Our human brains did not evolve to write computer programs. They are much better suited to other activities. Our otherwise sterling intellectual capabilities were not optimized for the essential complexity of developing software systems — and despite some optimistic claims for artificial intelligence, computers are not yet well-suited to write good software for themselves.

“Many of the classical problems of developing software products derive from this essential complexity and its nonlinear increases with size […] From the complexity comes the difficulty of enumerating, much less understanding, all the possible states of the program”

— Dr. Frederick P. Brooks, Jr., No Silver Bullet

A promising approach to addressing that conundrum is to optimize the division of labor between people and computers. Let humans do what only they can do, while automating the activities that are better performed by computers. But just how do we do that?

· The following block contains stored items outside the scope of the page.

lemma quantum_sum_divisible_two:
  fixes \<tau> :: int
  shows "\<exists>\<alpha> :: int poly. \<forall>q :: real. q \<noteq> 0 \<and> q\<^sup>2 \<noteq> 1 \<longrightarrow>
    (\<Sum>j<2. (q powi (2 * \<tau>)) powi (1 - 2 * int j)) - 2 * (-1) powi \<tau>
    = (qint 2 q)\<^sup>2 * poly (map_poly of_int \<alpha>) ((q - inverse q)\<^sup>2)"
proof -
  have sum_eq: "(\<Sum>j<2. (q powi (2 * \<tau>)) powi (1 - 2 * int j))
      = (q powi \<tau>)\<^sup>2 + (inverse (q powi \<tau>))\<^sup>2" if "q \<noteq> 0" for q :: real
    using that by (simp add: numeral_2_eq_2 power_int_minus power_int_mult power_int_mult_distrib power2_eq_square)
  show ?thesis
  proof (cases "even \<tau>")
    case True
    then obtain s where s: "\<tau> = 2 * s" ..
    have "(\<Sum>j<2. (q powi (2 * \<tau>)) powi (1 - 2 * int j)) - 2 * (-1) powi \<tau>
        = (qint 2 q)\<^sup>2 * poly (map_poly of_int
            ([:0, 1:] * pcompose (qint_sq_poly (nat \<bar>s\<bar>)) ([:0, 1:] * qint_sq_poly 2))) ((q - inverse q)\<^sup>2)"
      if q: "q \<noteq> 0" "q\<^sup>2 \<noteq> 1" for q :: real
    proof -
      have "(\<Sum>j<2. (q powi (2 * \<tau>)) powi (1 - 2 * int j)) - 2 * (-1) powi \<tau>
          = (q powi (2 * s) - inverse (q powi (2 * s)))\<^sup>2"
        using sum_eq[OF q(1)] True q(1) by (simp add: s power2_diff mult.assoc)
      then show ?thesis
        using powi_mult_diff_sq_eq[OF q, of 2 s] by simp
    qed
    then show ?thesis
      by blast
  next
    case False
    define K where "K = nat \<bar>\<tau>\<bar>"
    have "odd K"
      using False by (simp add: K_def even_nat_iff)
    then obtain \<delta> :: "int poly" where \<delta>: "\<And>x y :: real. x * y = 1 \<Longrightarrow>
        (x ^ K + y ^ K)\<^sup>2 = ((x - y)\<^sup>2 + 4) * poly (map_poly of_int \<delta>) ((x - y)\<^sup>2)"
      using power_add_sq_eq_odd by blast
    have "(\<Sum>j<2. (q powi (2 * \<tau>)) powi (1 - 2 * int j)) - 2 * (-1) powi \<tau>
        = (qint 2 q)\<^sup>2 * poly (map_poly of_int \<delta>) ((q - inverse q)\<^sup>2)"
      if q: "q \<noteq> 0" "q\<^sup>2 \<noteq> 1" for q :: real
    proof -
      have "(\<Sum>j<2. (q powi (2 * \<tau>)) powi (1 - 2 * int j)) - 2 * (-1) powi \<tau>
          = (q powi \<tau> + inverse (q powi \<tau>))\<^sup>2"
        using sum_eq[OF q(1)] False q(1) by (simp add: power2_sum)
      also have "\<dots> = (q ^ K + inverse q ^ K)\<^sup>2"
        unfolding K_def by (cases q \<tau> rule: powi_abs_cases) (simp_all add: add.commute)
      also have "\<dots> = ((q - inverse q)\<^sup>2 + 4) * poly (map_poly of_int \<delta>) ((q - inverse q)\<^sup>2)"
        using \<delta>[of q "inverse q"] q(1) by simp
      also have "(q - inverse q)\<^sup>2 + 4 = (qint 2 q)\<^sup>2"
        using qint_sq_eq[OF q, of 2] by (simp add: qint_sq_poly_2 map_poly_pCons)
      finally show ?thesis .
    qed
    then show ?thesis
      by blast
  qed
qed
section \<open>Halving hyperplanes\<close>

definition clip :: "real \<Rightarrow> real" where
  "clip t = max (-1) (min 1 t)"

lemma clip_minus: "clip (- t) = - clip t"
  by (simp add: clip_def)

lemma abs_clip_le: "\<bar>clip t\<bar> \<le> 1"
  by (simp add: clip_def)

lemma continuous_on_clip [continuous_intros]:
  "continuous_on S f \<Longrightarrow> continuous_on S (\<lambda>x. clip (f x))"
  unfolding clip_def by (intro continuous_intros)

lemma eventually_clip_divide_eq_sgn:
  fixes f g :: "'b \<Rightarrow> real"
  assumes f: "(f \<longlongrightarrow> t) F" and g: "(g \<longlongrightarrow> 0) F" "eventually (\<lambda>k. 0 < g k) F" and "t \<noteq> 0"
  shows "eventually (\<lambda>k. clip (f k / g k) = sgn t) F"
proof -
  have pos: "eventually (\<lambda>k. clip (f k / g k) = 1) F" if "(f \<longlongrightarrow> t) F" "0 < t" for f t
  proof -
    have "eventually (\<lambda>k. t/2 < f k \<and> g k < t/2 \<and> 0 < g k) F"
      using order_tendstoD(1)[OF that(1), of "t/2"] order_tendstoD(2)[OF g(1), of "t/2"] g(2) that(2)
      by (auto intro: eventually_conj)
    then show ?thesis
      by (rule eventually_mono) (simp add: clip_def field_simps)
  qed
  show ?thesis
  proof (cases "0 < t")
    case False
    then have "eventually (\<lambda>k. clip (- f k / g k) = 1) F"
      using pos[OF tendsto_minus[OF f]] \<open>t \<noteq> 0\<close> by simp
    then show ?thesis
      by (rule eventually_mono) (use False \<open>t \<noteq> 0\<close> in \<open>simp add: clip_minus sgn_if\<close>)
  qed (use pos[OF f] in simp)
qed

lemma exists_zero_sum_clipped_cut:
  fixes U :: "'n::finite \<Rightarrow> (real ^ 'n) set"
  assumes "0 < e"
  shows "\<exists>u\<in>sphere 0 1. \<forall>i. (\<Sum>x\<in>U i. clip ((fst u \<bullet> x - snd u) / e)) = 0"
proof -
  define F where "F u = (\<chi> i. \<Sum>x\<in>U i. clip ((fst u \<bullet> x - snd u) / e))" for u :: "(real ^ 'n) \<times> real"
  have "\<exists>u\<in>sphere 0 1. F u = 0"
  proof (rule Borsuk_Ulam)
    show "continuous_on (sphere 0 1) F"
      unfolding F_def using assms by (intro continuous_on_vec_lambda continuous_on_sum continuous_intros) auto
    have clip_swap: "clip ((snd u - fst u \<bullet> x) / e) = - clip ((fst u \<bullet> x - snd u) / e)" for u x
      using clip_minus[of "(fst u \<bullet> x - snd u) / e"] by (simp add: minus_divide_left)
    show "F (- u) = - F u" for u
      by (simp add: F_def vec_eq_iff sum_negf clip_swap)
  qed
  then show ?thesis by (auto simp: F_def vec_eq_iff)
qed

lemma exists_balanced_cut:
  fixes U :: "'n::finite \<Rightarrow> (real ^ 'n) set"
  assumes "finite (\<Union>i. U i)"
  obtains a b and \<phi> :: "real ^ 'n \<Rightarrow> real" where "norm (a, b) = 1" "\<And>x. \<bar>\<phi> x\<bar> \<le> 1"
    "\<And>i. (\<Sum>x\<in>U i. \<phi> x) = 0" "\<And>x. x \<in> (\<Union>i. U i) \<Longrightarrow> a \<bullet> x \<noteq> b \<Longrightarrow> \<phi> x = sgn (a \<bullet> x - b)"
proof -
  define val where "val u x = fst u \<bullet> x - snd u" for u :: "(real ^ 'n) \<times> real" and x
  have "\<forall>k. \<exists>u\<in>sphere 0 1. \<forall>i. (\<Sum>x\<in>U i. clip (val u x / inverse (Suc k))) = 0"
  proof
    fix k
    show "\<exists>u\<in>sphere 0 1. \<forall>i. (\<Sum>x\<in>U i. clip (val u x / inverse (Suc k))) = 0"
      using exists_zero_sum_clipped_cut[of "inverse (Suc k)" U] unfolding val_def by simp
  qed
  then obtain us where us: "\<And>k. us k \<in> sphere 0 1"
    "\<And>k i. (\<Sum>x\<in>U i. clip (val (us k) x / inverse (Suc k))) = 0"
    by metis
  obtain l r where l: "l \<in> sphere 0 1" and r: "strict_mono r" and lim: "(us \<circ> r) \<longlonglongrightarrow> l"
    using compact_imp_seq_compact[OF compact_sphere, of 0 1] us(1) unfolding seq_compact_def by metis
  have "eventually (\<lambda>k. \<forall>x\<in>(\<Union>i. U i). val l x \<noteq> 0 \<longrightarrow>
      clip (val (us (r k)) x / inverse (Suc (r k))) = sgn (val l x)) sequentially"
  proof (intro eventually_ball_finite[OF assms] ballI)
    fix x
    have "(\<lambda>k. val (us (r k)) x) \<longlonglongrightarrow> val l x"
      using lim unfolding val_def o_def by (intro tendsto_intros)
    moreover have "(\<lambda>k. inverse (real (Suc (r k)))) \<longlonglongrightarrow> 0"
      using LIMSEQ_subseq_LIMSEQ[OF LIMSEQ_inverse_real_of_nat r] by (simp add: o_def)
    ultimately show "eventually (\<lambda>k. val l x \<noteq> 0 \<longrightarrow>
        clip (val (us (r k)) x / inverse (Suc (r k))) = sgn (val l x)) sequentially"
      by (cases "val l x = 0") (auto intro: eventually_clip_divide_eq_sgn)
  qed
  then obtain K where K: "\<And>x. x \<in> (\<Union>i. U i) \<Longrightarrow> val l x \<noteq> 0 \<Longrightarrow>
      clip (val (us (r K)) x / inverse (Suc (r K))) = sgn (val l x)"
    unfolding eventually_sequentially by blast
  show ?thesis
  proof (rule that)
    show "norm (fst l, snd l) = 1" using l by simp
    show "\<bar>clip (val (us (r K)) x / inverse (Suc (r K)))\<bar> \<le> 1" for x
      by (rule abs_clip_le)
    show "(\<Sum>x\<in>U i. clip (val (us (r K)) x / inverse (Suc (r K)))) = 0" for i
      by (rule us(2))
  qed (use K in \<open>auto simp: val_def\<close>)
qed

Question: How do you eat an elephant?

Answer: One bite at a time.

We must first break the inherent complexity of software systems into bite-sized chunks that our human brains can more easily digest — while not introducing additional complexity as we do so.

Optimizing Focus

Behavioral and cognitive research provides compelling evidence that we are able to focus best on the set of things that is immediately in front of us. Many of our brain’s cognitive functions apparently evolved to ignore the things not in front of us in order to maximize our focus on what was, at the moment, most important for our survival.

In fact, if we have to chase after the pieces of the puzzle that are not directly in front of us — like chasing logic and data definitions across multiple Java classes in multiple packages — we rapidly lose focus and our error rates go up while our comprehension and productivity go down.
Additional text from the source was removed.